There is more to wealth, after all, than hourly wages. “If you argue that income has shrunk you also have to claim that four decades’ worth of innovation in goods and services, from mobile phones and video streaming to cholesterol-lowering statins, have not improved middle-earners’ lives,” the Economist comments. “That is simply not credible.” As Don Boudreaux of George Mason University points out, the humblest working-class American today enjoys a standard of living and an array of amenities and comforts — from air travel to contact lenses to overnight package delivery — far superior to most of what even a billionaire like John D. Rockefeller could have commanded a century ago.

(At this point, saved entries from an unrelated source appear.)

(* Let $G$ be a $K_4$-free graph with $n$ vertices and $e$ edges, let $P$ be a greedy partition of $G$ with size $r=r(P)$, and let $r_2$ be the number of cliques of $P$ of size at least $2$. Then $e\le r(n-r)+r_2(n-r-r_2)$.
   Context: A good partition $P$ of $V(G)$ is a partition of $V(G)$ into disjoint sets $C_1, \dots, C_r$ (the cliques of $P$), each inducing a complete subgraph of $G$, indexed so that $|C_1|\le\dots\le |C_r|$; its size is $r(P)=r$. It is a greedy partition if for every $i\ge1$ the set $C_1\cup\dots\cup C_i$ induces a subgraph with no complete subgraph on $|C_i|+1$ vertices. For $K_4$-free $G$, every clique of $P$ has size $1$, $2$ or $3$. *)

theory Defs
  imports Main
begin

text \<open>Simple graphs: a finite vertex set V with a symmetric, irreflexive
adjacency relation E (only its restriction to V matters).\<close>

definition simple_graph :: "'a set \<Rightarrow> ('a \<Rightarrow> 'a \<Rightarrow> bool) \<Rightarrow> bool" where
  "simple_graph V E \<longleftrightarrow> finite V \<and> (\<forall>u v. E u v \<longrightarrow> E v u) \<and> (\<forall>v. \<not> E v v)"

definition edges :: "'a set \<Rightarrow> ('a \<Rightarrow> 'a \<Rightarrow> bool) \<Rightarrow> 'a set set" where
  "edges V E = {{u, v} | u v. u \<in> V \<and> v \<in> V \<and> E u v}"

definition is_clique :: "'a set \<Rightarrow> ('a \<Rightarrow> 'a \<Rightarrow> bool) \<Rightarrow> 'a set \<Rightarrow> bool" where
  "is_clique V E C \<longleftrightarrow> C \<subseteq> V \<and> (\<forall>u\<in>C. \<forall>v\<in>C. u \<noteq> v \<longrightarrow> E u v)"

definition Kfree :: "nat \<Rightarrow> 'a set \<Rightarrow> ('a \<Rightarrow> 'a \<Rightarrow> bool) \<Rightarrow> bool" where
  "Kfree k V E \<longleftrightarrow> \<not> (\<exists>C. is_clique V E C \<and> card C = k \<and> finite C)"

definition good_partition :: "'a set \<Rightarrow> ('a \<Rightarrow> 'a \<Rightarrow> bool) \<Rightarrow> 'a set list \<Rightarrow> bool" where
  "good_partition V E P \<longleftrightarrow>
     (\<forall>C\<in>set P. C \<noteq> {} \<and> is_clique V E C) \<and>
     (\<forall>i<length P. \<forall>j<length P. i \<noteq> j \<longrightarrow> P ! i \<inter> P ! j = {}) \<and>
     \<Union>(set P) = V \<and>
     sorted (map card P)"

definition greedy_partition :: "'a set \<Rightarrow> ('a \<Rightarrow> 'a \<Rightarrow> bool) \<Rightarrow> 'a set list \<Rightarrow> bool" where
  "greedy_partition V E P \<longleftrightarrow> good_partition V E P \<and>
     (\<forall>i<length P. Kfree (card (P ! i) + 1) (\<Union>(set (take (Suc i) P))) E)"

end

theory Submission
  imports Defs
begin

text \<open>Add the cliques of a greedy partition one at a time in increasing order of size.
When a clique \<open>C\<close> of size \<open>s\<close> is added, each of the \<open>n\<close> earlier vertices has a non-neighbour
in \<open>C\<close> (otherwise it would extend \<open>C\<close> to a clique on \<open>s + 1\<close> vertices), so at most
\<open>n (s - 1) + s (s - 1) / 2\<close> edges are added. Writing \<open>r\<^sub>k\<close> for the number of cliques of size
at least \<open>k\<close>, so that \<open>n = r\<^sub>1 + r\<^sub>2 + r\<^sub>3\<close>, this increment is exactly the growth of
\<open>r\<^sub>1 r\<^sub>2 + r\<^sub>1 r\<^sub>3 + r\<^sub>2 r\<^sub>3 = r\<^sub>1 (n - r\<^sub>1) + r\<^sub>2 (n - r\<^sub>1 - r\<^sub>2)\<close>.\<close>

definition num_cliques_ge :: "nat \<Rightarrow> 'a set list \<Rightarrow> nat" where
  "num_cliques_ge k P = length (filter (\<lambda>C. card C \<ge> k) P)"

definition cross_edges :: "'a set \<Rightarrow> 'a set \<Rightarrow> ('a \<Rightarrow> 'a \<Rightarrow> bool) \<Rightarrow> 'a set set" where
  "cross_edges A B E = {{u, v} | u v. u \<in> A \<and> v \<in> B \<and> E u v}"

lemma card_edges_le_choose_2:
  assumes "finite C" and "\<forall>v. \<not> E v v"
  shows "card (edges C E) \<le> card C choose 2"
proof -
  have "edges C E \<subseteq> {A. A \<subseteq> C \<and> card A = 2}"
    using assms(2) unfolding edges_def by (auto simp: card_insert_if)
  then have "card (edges C E) \<le> card {A. A \<subseteq> C \<and> card A = 2}"
    by (rule card_mono[rotated]) (use assms(1) in simp)
  also have "\<dots> = card C choose 2"
    using assms(1) by (rule n_subsets)
  finally show ?thesis .
qed

lemma edges_Un_subset:
  assumes "\<forall>u v. E u v \<longrightarrow> E v u"
  shows "edges (A \<union> B) E \<subseteq> edges A E \<union> edges B E \<union> cross_edges A B E"
  using assms unfolding edges_def cross_edges_def by (auto simp: insert_commute) blast+

lemma card_cross_edges_le:
  assumes "finite A" and "finite B" and "\<forall>u\<in>A. \<exists>v\<in>B. \<not> E u v"
  shows "card (cross_edges A B E) \<le> card A * (card B - 1)"
proof -
  have "cross_edges A B E = (\<lambda>(u, v). {u, v}) ` (SIGMA u:A. {v\<in>B. E u v})"
    unfolding cross_edges_def by auto
  also have "card \<dots> \<le> card (SIGMA u:A. {v\<in>B. E u v})"
    by (rule card_image_le) (use assms(1,2) in auto)
  also have "\<dots> = (\<Sum>u\<in>A. card {v\<in>B. E u v})"
    using assms by (simp add: card_SigmaI)
  also have "\<dots> \<le> (\<Sum>u\<in>A. card B - 1)"
  proof (rule sum_mono)
    fix u assume "u \<in> A"
    then have "{v\<in>B. E u v} \<subset> B"
      using assms(3) by auto
    then have "card {v\<in>B. E u v} < card B"
      using assms(2) by (rule psubset_card_mono[rotated])
    then show "card {v\<in>B. E u v} \<le> card B - 1"
      by simp
  qed
  finally show ?thesis
    by simp
qed

lemma card_edges_Un_le:
  assumes "\<forall>u v. E u v \<longrightarrow> E v u" and "\<forall>v. \<not> E v v"
    and "finite A" and "finite B" and "\<forall>u\<in>A. \<exists>v\<in>B. \<not> E u v"
  shows "card (edges (A \<union> B) E) \<le> card (edges A E) + card A * (card B - 1) + (card B choose 2)"
proof -
  have "card (edges (A \<union> B) E) \<le> card (edges A E \<union> edges B E \<union> cross_edges A B E)"
    using assms(3,4) by (intro card_mono edges_Un_subset assms(1))
      (auto simp: cross_edges_def edges_def intro: finite_subset[of _ "Pow (A \<union> B)"])
  also have "\<dots> \<le> card (edges A E) + card (edges B E) + card (cross_edges A B E)"
    by (meson add_le_mono card_Un_le le_refl order_trans)
  finally show ?thesis
    using card_edges_le_choose_2[of B E, OF assms(4,2)] card_cross_edges_le[OF assms(3-5)] by linarith
qed

lemma num_cliques_ge_snoc:
  "num_cliques_ge k (P @ [C]) = num_cliques_ge k P + (if card C \<ge> k then 1 else 0)"
  by (simp add: num_cliques_ge_def)

lemma sum_list_card_eq_num_cliques_ge:
  assumes "\<forall>C\<in>set P. 1 \<le> card C \<and> card C \<le> 3"
  shows "sum_list (map card P) = length P + num_cliques_ge 2 P + num_cliques_ge 3 P"
  using assms by (induction P) (auto simp: num_cliques_ge_def)

lemma card_Union_le_sum_list: "card (\<Union>(set P)) \<le> sum_list (map card P)"
proof (induction P)
  case (Cons C P)
  then show ?case
    using card_Un_le[of C "\<Union>(set P)"] by simp
qed simp

lemma pairwise_products_step:
  fixes r r2 r3 s :: nat
  assumes "1 \<le> s" and "s \<le> 3" and "s = 1 \<Longrightarrow> r2 = 0" and "s \<le> 2 \<Longrightarrow> r3 = 0"
  defines "r2' \<equiv> r2 + (if s \<ge> 2 then 1 else 0)" and "r3' \<equiv> r3 + (if s \<ge> 3 then 1 else 0)"
  shows "r * r2 + r * r3 + r2 * r3 + (r + r2 + r3) * (s - 1) + (s choose 2)
    = (r + 1) * r2' + (r + 1) * r3' + r2' * r3'"
proof -
  consider "s = 1" | "s = 2" | "s = 3"
    using assms(1,2) by linarith
  then show ?thesis
    by cases (use assms in \<open>simp_all add: r2'_def r3'_def numeral_eq_Suc algebra_simps\<close>)
qed

lemma card_edges_le_pairwise_products:
  assumes "\<forall>u v. E u v \<longrightarrow> E v u" and "\<forall>v. \<not> E v v"
    and "\<forall>C\<in>set P. C \<noteq> {} \<and> finite C \<and> card C \<le> 3"
    and "sorted (map card P)"
    and "\<forall>i<length P. \<forall>u\<in>\<Union>(set (take i P)). \<exists>v\<in>P ! i. \<not> E u v"
  shows "card (edges (\<Union>(set P)) E)
    \<le> length P * num_cliques_ge 2 P + length P * num_cliques_ge 3 P
      + num_cliques_ge 2 P * num_cliques_ge 3 P"
  using assms(3-5)
proof (induction P rule: rev_induct)
  case Nil
  then show ?case
    by (simp add: edges_def)
next
  case (snoc C P)
  let ?U = "\<Union>(set P)" and ?r = "length P"
    and ?r2 = "num_cliques_ge 2 P" and ?r3 = "num_cliques_ge 3 P"
  have cliques: "\<forall>D\<in>set P. D \<noteq> {} \<and> finite D \<and> card D \<le> 3"
    and sorted: "sorted (map card P)" and smaller: "\<forall>D\<in>set P. card D \<le> card C"
    using snoc.prems(1,2) by (auto simp: sorted_append)
  have "\<forall>i<length P. \<forall>u\<in>\<Union>(set (take i P)). \<exists>v\<in>P ! i. \<not> E u v"
  proof (intro allI impI ballI)
    fix i u assume "i < length P" and "u \<in> \<Union>(set (take i P))"
    then show "\<exists>v\<in>P ! i. \<not> E u v"
      using snoc.prems(3)[rule_format, of i u] by (simp add: nth_append)
  qed
  with cliques sorted have IH: "card (edges ?U E) \<le> ?r * ?r2 + ?r * ?r3 + ?r2 * ?r3"
    by (rule snoc.IH)
  have nonadjacent: "\<forall>u\<in>?U. \<exists>v\<in>C. \<not> E u v"
    using snoc.prems(3)[rule_format, of "length P"] by simp
  have C: "C \<noteq> {}" "finite C" "card C \<le> 3"
    using snoc.prems(1) by auto
  have "card ?U \<le> ?r + ?r2 + ?r3"
    using card_Union_le_sum_list[of P] sum_list_card_eq_num_cliques_ge[of P] cliques
    by (simp add: Suc_le_eq card_gt_0_iff)
  have "card (edges (\<Union>(set (P @ [C]))) E) = card (edges (?U \<union> C) E)"
    by (simp add: Un_commute)
  also have "\<dots> \<le> card (edges ?U E) + card ?U * (card C - 1) + (card C choose 2)"
    using cliques by (intro card_edges_Un_le assms(1,2) C(2) nonadjacent) auto
  also have "\<dots> \<le> ?r * ?r2 + ?r * ?r3 + ?r2 * ?r3 + (?r + ?r2 + ?r3) * (card C - 1) + (card C choose 2)"
    using IH \<open>card ?U \<le> ?r + ?r2 + ?r3\<close> by (intro add_mono mult_right_mono) auto
  also have "\<dots> = length (P @ [C]) * num_cliques_ge 2 (P @ [C])
      + length (P @ [C]) * num_cliques_ge 3 (P @ [C])
      + num_cliques_ge 2 (P @ [C]) * num_cliques_ge 3 (P @ [C])"
    unfolding num_cliques_ge_snoc length_append_singleton Suc_eq_plus1
  proof (rule pairwise_products_step)
    show "1 \<le> card C"
      using C by (simp add: Suc_le_eq card_gt_0_iff)
    show "card C = 1 \<Longrightarrow> ?r2 = 0" "card C \<le> 2 \<Longrightarrow> ?r3 = 0"
      using smaller by (force simp: num_cliques_ge_def filter_empty_conv)+
  qed (use C in simp)
  finally show ?case .
qed

lemma is_clique_subset: "is_clique V E C \<Longrightarrow> D \<subseteq> C \<Longrightarrow> is_clique V E D"
  by (auto simp: is_clique_def)

lemma card_clique_less_if_Kfree:
  assumes "Kfree k V E" and "is_clique V E C" and "finite C"
  shows "card C < k"
proof (rule ccontr)
  assume "\<not> card C < k"
  then obtain D where "D \<subseteq> C" "card D = k" "finite D"
    by (meson not_less obtain_subset_with_card_n)
  with assms(1,2) show False
    unfolding Kfree_def using is_clique_subset by blast
qed

lemma card_eq_sum_list_if_good_partition:
  assumes "finite V" and "good_partition V E P"
  shows "card V = sum_list (map card P)"
proof -
  have nonempty: "\<forall>C\<in>set P. C \<noteq> {}" and union: "\<Union>(set P) = V"
    and disjoint: "\<forall>i<length P. \<forall>j<length P. i \<noteq> j \<longrightarrow> P ! i \<inter> P ! j = {}"
    using assms(2) unfolding good_partition_def by auto
  have "pairwise disjnt (set P)"
    unfolding pairwise_def disjnt_def using disjoint by (metis in_set_conv_nth)
  moreover have "\<And>C. C \<in> set P \<Longrightarrow> finite C"
    using assms(1) union by (auto intro: finite_subset)
  ultimately have "card V = sum card (set P)"
    using union card_Union_disjoint by blast
  moreover have "distinct P"
    unfolding distinct_conv_nth using nonempty disjoint by (metis inf.idem nth_mem)
  ultimately show ?thesis
    by (simp add: sum_list_distinct_conv_sum_set)
qed

lemma greedy_partition_nonadjacent:
  assumes "simple_graph V E" and "greedy_partition V E P"
    and "i < length P" and "u \<in> \<Union>(set (take i P))"
  shows "\<exists>v\<in>P ! i. \<not> E u v"
proof (rule ccontr)
  assume "\<not> ?thesis"
  then have adjacent: "\<forall>v\<in>P ! i. E u v"
    by blast
  have good: "good_partition V E P"
    and Kfree: "Kfree (card (P ! i) + 1) (\<Union>(set (take (Suc i) P))) E"
    using assms(2,3) unfolding greedy_partition_def by auto
  obtain j where "j < i" "u \<in> P ! j"
    using assms(3,4) by (auto simp: in_set_conv_nth)
  then have "u \<notin> P ! i"
    using good assms(3) unfolding good_partition_def by (metis disjoint_iff less_trans nat_neq_iff)
  have "P ! i \<in> set P"
    using assms(3) by simp
  then have "is_clique V E (P ! i)" and "finite (P ! i)"
    using good assms(1) unfolding good_partition_def simple_graph_def is_clique_def
    by (auto intro: finite_subset)
  then have "is_clique (\<Union>(set (take (Suc i) P))) E (insert u (P ! i))"
    using adjacent assms(1,4) unfolding is_clique_def simple_graph_def take_Suc_conv_app_nth[OF assms(3)]
    by auto
  with Kfree \<open>u \<notin> P ! i\<close> \<open>finite (P ! i)\<close> show False
    unfolding Kfree_def by (metis Suc_eq_plus1 card_insert_disjoint finite_insert)
qed

theorem claim6:
  fixes V :: "'a set" and E :: "'a \<Rightarrow> 'a \<Rightarrow> bool" and P :: "'a set list"
  assumes "simple_graph V E"
    and "Kfree 4 V E"
    and "greedy_partition V E P"
  shows "int (card (edges V E)) \<le>
           int (length P) * (int (card V) - int (length P))
         + int (length (filter (\<lambda>C. card C \<ge> 2) P))
             * (int (card V) - int (length P) - int (length (filter (\<lambda>C. card C \<ge> 2) P)))"
proof -
  have graph: "finite V" "\<forall>u v. E u v \<longrightarrow> E v u" "\<forall>v. \<not> E v v"
    using assms(1) unfolding simple_graph_def by auto
  have good: "good_partition V E P"
    using assms(3) unfolding greedy_partition_def by simp
  have cliques: "\<forall>C\<in>set P. C \<noteq> {} \<and> finite C \<and> card C \<le> 3"
  proof
    fix C assume "C \<in> set P"
    then have "C \<noteq> {}" and "is_clique V E C"
      using good unfolding good_partition_def by auto
    moreover from this(2) have "finite C"
      using graph(1) unfolding is_clique_def by (auto intro: finite_subset)
    moreover from calculation have "card C < 4"
      by (intro card_clique_less_if_Kfree[OF assms(2)])
    ultimately show "C \<noteq> {} \<and> finite C \<and> card C \<le> 3"
      by simp
  qed
  have "card (edges V E)
      \<le> length P * num_cliques_ge 2 P + length P * num_cliques_ge 3 P
        + num_cliques_ge 2 P * num_cliques_ge 3 P"
    using card_edges_le_pairwise_products[OF graph(2,3) cliques]
      good greedy_partition_nonadjacent[OF assms(1,3)]
    unfolding good_partition_def by simp
  moreover have "card V = length P + num_cliques_ge 2 P + num_cliques_ge 3 P"
    using card_eq_sum_list_if_good_partition[OF graph(1) good] cliques
    by (simp add: sum_list_card_eq_num_cliques_ge Suc_le_eq card_gt_0_iff)
  ultimately show ?thesis
    unfolding num_cliques_ge_def[symmetric] by (simp add: algebra_simps flip: of_nat_add of_nat_mult)
qed

end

Perhaps this is why progressive passion for soaking the rich and closing the wealth gap rarely seem to be shared by most voters. When Gallup earlier this year asked Americans to name the “most important problem facing this country today,” just 1 percent cited the gap between rich and poor. When respondents were given a list of a dozen “priorities” for Congress and the president to tackle, “the distribution of income and wealth” tied for last place.

Contrary to progressive belief, America is not divided into rigid economic strata. The incomes of the wealthy often decline, while many taxpayers go from being poor at one point to not-poor at another. Research shows that more than one-tenth of Americans will make it all the way to the top 1 percent for at least one year during their working lives.

The very rich, wrote F. Scott Fitzgerald, “are different from you and me.” Are they, though? You’d never know it to hear Warren and Sanders fulminate, but the gaping inequality they rail against might just be an illusion.

(Jeff Jacoby is a columnist for The Boston Globe).